Gister was de dag waarvan we allemaal wisten dat-ie ging komen. Kans van 0% dat u het Corona-nieuws gemist heeft. En dan blijkt de beste Brabander ook nog eens carnaval gevierd te hebben op zo’n 20 km afstand van u. Kans van 50% dat u zich zorgen maakt. Terecht of niet echt?
De directe familieleden van patiënt 1 zullen inmiddels wel in thuisquarantaine zitten. Maar hoe gaat dat nu eigenlijk verder met zo’n contactonderzoek? De man heeft waarschijnlijk met vijf piraten, acht boeven en drie kikkers staan kletsen eerder deze week. En wat nu als zijn buurman of kind mijn collega is? Aangezien Obama en ieder ander willekeurig mens op aarde maar zes stappen van ons verwijderd zijn, kan ik me niet voorstellen dat de GGD überhaupt aan tweedelijns contacten toekomt. Maar ho. Stop. Wij zullen niet panieken, zeggen de instanties.

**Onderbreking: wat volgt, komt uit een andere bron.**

lemma divide_and_share_separates:
  fixes med :: "(real^'d) set \<Rightarrow> (real^'d) set \<Rightarrow> real^'d" and U S :: "(real^'d) set"
  defines "m \<equiv> med U S"
  defines "R \<equiv> Max ((\<lambda>c. norm (c - m)) ` S)"
  assumes "x \<in> U" "c1 \<in> S" "c2 \<in> S" "0 \<le> \<epsilon>" "0 < R"
    and band: "band_between \<epsilon> \<sigma> \<theta> ((c1$i - m$i) / R) ((c2$i - m$i) / R)"
  shows "c1 \<notin> leaf_centers (divide_and_share \<epsilon> med (i, \<theta>, \<sigma>) (U, S)) x
       \<or> c2 \<notin> leaf_centers (divide_and_share \<epsilon> med (i, \<theta>, \<sigma>) (U, S)) x"
proof -
  define lo where "lo = m$i + (\<sigma> - \<epsilon>) * sqrt \<theta> * R"
  define hi where "hi = m$i + (\<sigma> + \<epsilon>) * sqrt \<theta> * R"
  have c1: "c1$i < lo" and c2: "hi < c2$i"
    using band \<open>0 < R\<close> unfolding band_between_def lo_def hi_def
    by (simp_all add: field_simps)
  have "lo \<le> hi"
    using band \<open>0 \<le> \<epsilon>\<close> \<open>0 < R\<close> unfolding band_between_def lo_def hi_def
    by (simp add: algebra_simps)
  then have "(\<exists>c'\<in>S. c'$i \<le> hi) \<and> (\<exists>c'\<in>S. lo \<le> c'$i)"
    using c1 c2 assms(4,5) by force
  moreover have "c \<in> leaf_centers (divide_and_share \<epsilon> med (i, \<theta>, \<sigma>) (U, S)) x \<longleftrightarrow>
      c \<in> S \<and> ((\<exists>c'\<in>S. c'$i \<le> hi) \<and> (\<exists>c'\<in>S. lo \<le> c'$i) \<longrightarrow>
        (if x$i \<le> m$i + \<sigma> * sqrt \<theta> * R then c$i \<le> hi else lo \<le> c$i))" for c
    unfolding lo_def hi_def R_def m_def by (rule mem_leaf_centers_divide_and_share[OF \<open>x \<in> U\<close>])
  ultimately show ?thesis
    using c1 c2 by auto
qed

lemma pred_mem_leaf_centers_divide_and_share:
  assumes "finite S" "x \<in> U"
  shows "Measurable.pred (borel \<Otimes>\<^sub>M borel)
    (\<lambda>p. c \<in> leaf_centers (divide_and_share \<epsilon> med (i, fst p, snd p) (U, S)) x)"
  using assms by (simp add: mem_leaf_centers_divide_and_share del: prod.collapse) measurable

lemma sets_band_between:
  fixes a b :: "real^'d::finite"
  shows "{(i, \<theta>, \<sigma>). band_between \<epsilon> \<sigma> \<theta> (a$i) (b$i) \<or> band_between \<epsilon> \<sigma> \<theta> (b$i) (a$i)}
    \<in> sets sample_space"
proof -
  have "Measurable.pred sample_space (\<lambda>s. band_between \<epsilon> (snd (snd s)) (fst (snd s)) (a$fst s) (b$fst s)
      \<or> band_between \<epsilon> (snd (snd s)) (fst (snd s)) (b$fst s) (a$fst s))"
    by (rule measurable_sample_space_pred[where P="\<lambda>i \<theta> \<sigma>.
        band_between \<epsilon> \<sigma> \<theta> (a$i) (b$i) \<or> band_between \<epsilon> \<sigma> \<theta> (b$i) (a$i)"])
       (simp add: band_between_def)
  from predE[OF this] show ?thesis
    by (simp add: space_sample_space split_beta')
qed

lemma sets_separation_event:
  assumes "finite S" "x \<in> U"
  shows "{s \<in> space sample_space. c1 \<notin> leaf_centers (divide_and_share \<epsilon> med s (U, S)) x \<or>
                                   c2 \<notin> leaf_centers (divide_and_share \<epsilon> med s (U, S)) x}
    \<in> sets (sample_space :: ('d::finite) sample measure)"
proof -
  have [measurable]: "Measurable.pred (borel \<Otimes>\<^sub>M borel)
      (\<lambda>p. c \<in> leaf_centers (divide_and_share \<epsilon> med (i, fst p, snd p) (U, S)) x)" for c and i :: 'd
    using assms by (rule pred_mem_leaf_centers_divide_and_share)
  have "Measurable.pred (sample_space :: 'd sample measure) (\<lambda>s.
      c1 \<notin> leaf_centers (divide_and_share \<epsilon> med (fst s, fst (snd s), snd (snd s)) (U, S)) x \<or>
      c2 \<notin> leaf_centers (divide_and_share \<epsilon> med (fst s, fst (snd s), snd (snd s)) (U, S)) x)"
    by (rule measurable_sample_space_pred[where P="\<lambda>i \<theta> \<sigma>.
        c1 \<notin> leaf_centers (divide_and_share \<epsilon> med (i, \<theta>, \<sigma>) (U, S)) x \<or>
        c2 \<notin> leaf_centers (divide_and_share \<epsilon> med (i, \<theta>, \<sigma>) (U, S)) x"]) measurable
  from predE[OF this] show ?thesis
    by simp
qed
lemma integral_ball_le_nn_integral_ball:
  fixes g :: "complex \<Rightarrow> real"
  assumes "continuous_on (cball a s) g" "\<And>z. z \<in> ball a r \<Longrightarrow> 0 \<le> g z" "s \<le> r"
  shows "ennreal (integral\<^sup>L lborel (\<lambda>z. indicator (ball a s) z * g z)) \<le> (\<integral>\<^sup>+ z \<in> ball a r. ennreal (g z) \<partial>lborel)"
proof -
  have "ennreal (integral\<^sup>L lborel (\<lambda>z. indicator (ball a s) z * g z)) = (\<integral>\<^sup>+ z \<in> ball a s. ennreal (g z) \<partial>lborel)"
    using assms by (intro nn_integral_ball_eq_integral[symmetric]) auto
  also have "\<dots> \<le> (\<integral>\<^sup>+ z \<in> ball a r. ennreal (g z) \<partial>lborel)"
    using assms(3) by (intro nn_integral_mono) (auto simp: indicator_def)
  finally show ?thesis .
qed

lemma integral_ball_mono_radius:
  fixes g :: "complex \<Rightarrow> real"
  assumes "continuous_on (cball a s') g" "\<And>z. 0 \<le> g z" "s \<le> s'"
  shows "integral\<^sup>L lborel (\<lambda>z. indicator (ball a s) z * g z) \<le> integral\<^sup>L lborel (\<lambda>z. indicator (ball a s') z * g z)"
proof (rule integral_mono)
  show "integrable lborel (\<lambda>z. indicator (ball a s') z * g z)"
    using integrable_indicator_ball[OF assms(1)] by simp
  have "continuous_on (cball a s) g"
    by (rule continuous_on_subset[OF assms(1)]) (use assms(3) in auto)
  from integrable_indicator_ball[OF this]
  show "integrable lborel (\<lambda>z. indicator (ball a s) z * g z)"
    by simp
qed (use assms in \<open>auto simp: indicator_def\<close>)

lemma nn_integral_ball_norm_sq_ge:
  assumes hol: "k holomorphic_on ball a r" and r: "r > 0"
  shows "ennreal (pi * r\<^sup>2 * (cmod (k a))\<^sup>2) \<le> (\<integral>\<^sup>+ z \<in> ball a r. ennreal ((cmod (k z))\<^sup>2) \<partial>lborel)"
    (is "_ \<le> ?X")
proof (cases ?X)
  case (real x)
  have bound: "pi * s\<^sup>2 * (cmod (k a))\<^sup>2 \<le> x" if s: "0 < s" "s < r" for s
  proof -
    have "continuous_on (cball a s) k"
      using holomorphic_on_imp_continuous_on[OF hol] by (rule continuous_on_subset) (use s in auto)
    then have "ennreal (integral\<^sup>L lborel (\<lambda>z. indicator (ball a s) z * (cmod (k z))\<^sup>2)) \<le> ?X"
      using s by (intro integral_ball_le_nn_integral_ball continuous_intros) auto
    then have "integral\<^sup>L lborel (\<lambda>z. indicator (ball a s) z * (cmod (k z))\<^sup>2) \<le> x"
      using real by (simp add: ennreal_le_iff)
    moreover define J where "J = integral\<^sup>L lborel (\<lambda>z. indicator (ball a s) z * (cmod (k z - k a))\<^sup>2)"
    have "0 \<le> J"
      unfolding J_def by (rule Bochner_Integration.integral_nonneg) simp
    ultimately show ?thesis
      unfolding integral_ball_norm_sq_holomorphic[OF hol less_imp_le[OF s(1)] s(2)] J_def[symmetric]
      by linarith
  qed
  have "pi * r\<^sup>2 * (cmod (k a))\<^sup>2 \<le> x"
    by (rule tendsto_at_left_le[where f = "\<lambda>s. pi * s\<^sup>2 * (cmod (k a))\<^sup>2", OF _ r bound])
       (auto intro!: tendsto_eq_intros)
  then show ?thesis
    using real by (simp add: ennreal_le_iff)
qed simp
(* Let $r \in \mathbb{Q}_{>0}$ be such that $S_r$ is atomic. Then there exists $x \in S_r$ with $\rho(x) = \rho(S_r)$ (i.e., the elasticity of $S_r$ is accepted) if and only if $r \in \mathbb{N}$ or $r < 1$.
   Context: For $q \in \mathbb{Q}_{>0}$, $\mathsf{n}(q),\mathsf{d}(q)$ are the positive coprime integers with $q = \mathsf{n}(q)/\mathsf{d}(q)$. $S_r$ is the additive submonoid of $(\mathbb{Q}_{\ge 0},+)$ generated by $\{r^n : n \in \mathbb{N}_0\}$; it is atomic exactly when $r=1$ or $\mathsf{n}(r)>1$. $\mathsf{L}(x)$ denotes the set of lengths of factorizations of $x$ into atoms. The elasticity of $x \ne 0$ is $\rho(x) = \sup \mathsf{L}(x)/\inf \mathsf{L}(x) \in \mathbb{Q}_{\ge 1} \cup \{\infty\}$, $\rho(0)=1$, and $\rho(S_r) = \sup\{\rho(x) : x \in S_r \setminus \{0\}\}$. *)

theory Defs
  imports Complex_Main "HOL-Library.Multiset" "HOL-Library.Extended_Real"
begin

inductive_set Sr :: "rat \<Rightarrow> rat set" for r :: rat where
  zero: "0 \<in> Sr r"
| step: "x \<in> Sr r \<Longrightarrow> x + r ^ n \<in> Sr r"

definition atoms :: "rat \<Rightarrow> rat set" where
  "atoms r = {a \<in> Sr r. a \<noteq> 0 \<and> (\<forall>b\<in>Sr r. \<forall>c\<in>Sr r. a = b + c \<longrightarrow> b = 0 \<or> c = 0)}"

definition factorizations :: "rat \<Rightarrow> rat \<Rightarrow> rat multiset set" where
  "factorizations r x = {F. set_mset F \<subseteq> atoms r \<and> sum_mset F = x}"

definition lengths :: "rat \<Rightarrow> rat \<Rightarrow> nat set" where
  "lengths r x = size ` factorizations r x"

definition atomic :: "rat \<Rightarrow> bool" where
  "atomic r \<longleftrightarrow> (\<forall>x\<in>Sr r. x \<noteq> 0 \<longrightarrow> factorizations r x \<noteq> {})"

definition elasticity :: "rat \<Rightarrow> rat \<Rightarrow> ereal" where
  "elasticity r x = (if x = 0 then 1 else
     (SUP l\<in>lengths r x. ereal (real l)) / ereal (real (Inf (lengths r x))))"

definition monoid_elasticity :: "rat \<Rightarrow> ereal" where
  "monoid_elasticity r = (SUP x\<in>Sr r - {0}. elasticity r x)"

end

theory Submission
  imports Defs
begin

text \<open>
  Every element of \<open>S\<^sub>r\<close> is a sum of powers of \<open>r\<close>, so every atom is a power of \<open>r\<close>.
  If \<open>r \<in> \<nat>\<close> the only atom is 1, all lengths of \<open>x\<close> equal \<open>x\<close>, and every elasticity is 1.
  Otherwise write \<open>r = n/d\<close> in lowest terms; atomicity forces \<open>n > 1\<close>, and then clearing
  denominators and comparing divisibility by \<open>d\<close> (for \<open>r > 1\<close>) or by \<open>n\<close> (for \<open>r < 1\<close>)
  shows that every power of \<open>r\<close> is an atom. For \<open>r < 1\<close> the rewriting
  \<open>n r\<^sup>m = (d - n) r\<^sup>m\<^sup>+\<^sup>1 + n r\<^sup>m\<^sup>+\<^sup>1\<close> gives the element \<open>n\<close> factorizations of unbounded
  length, so \<open>\<rho>(n) = \<infinity> = \<rho>(S\<^sub>r)\<close>. For \<open>r > 1\<close> every atom is at least 1, so lengths of \<open>x\<close>
  are at most \<open>x\<close> and every \<open>\<rho>(x)\<close> is finite, while the two factorizations
  \<open>n\<^sup>k = n\<^sup>k \<cdot> 1 = d\<^sup>k \<cdot> r\<^sup>k\<close> give \<open>\<rho>(n\<^sup>k) \<ge> r\<^sup>k\<close>, so \<open>\<rho>(S\<^sub>r) = \<infinity>\<close> is not attained.
\<close>

lemma dvd_sum_mset:
  fixes a :: "'b::comm_semiring_1"
  shows "(\<And>x. x \<in># M \<Longrightarrow> a dvd f x) \<Longrightarrow> a dvd (\<Sum>x\<in>#M. f x)"
  by (induction M) auto

lemma size_le_sum_mset:
  fixes F :: "'a::linordered_semidom multiset"
  shows "(\<And>a. a \<in># F \<Longrightarrow> 1 \<le> a) \<Longrightarrow> of_nat (size F) \<le> sum_mset F"
  by (induction F) (auto intro: add_mono)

Gelukkig lijken mijn kinderen na vijf dagen carnavallen in korte broek – met slaapgebrek en frikadellen als brandstof – nog topfit. Met hun weerstand zal het dus wel goed zitten. Massaal hamsteren? Mijn jongste wijsmaken dat hij gezond blijft als hij broccoli eet? Doe ik bij een ‘normale’ griepepidemie ook niet. Maar zullen we wél even wat afspreken met z’n allen? Bijvoorbeeld dat we niet gaan werken, trainen, shoppen, feesten en macrameeën als we ons grieperig voelen. En dat we ons hoestende kind niet gedrogeerd naar school sturen, ook niet als we zelf nét die dag de allerbelangrijkste hier-hangt-alles-van-af-afspraak van het jaar hebben.
Zo, dat is eruit. Tijd om onze zorgen om te zetten in kansen. Voor één keer hoeven we ons niet schuldig te voelen als we door één kuchje de baas of juf afbellen en Netflix voorrang geven. Ik voorspel vooral een bankhangepidemie onder werknemers en schoolzieken. En hoop dat de kans dat ik gelijk krijg heel groot is.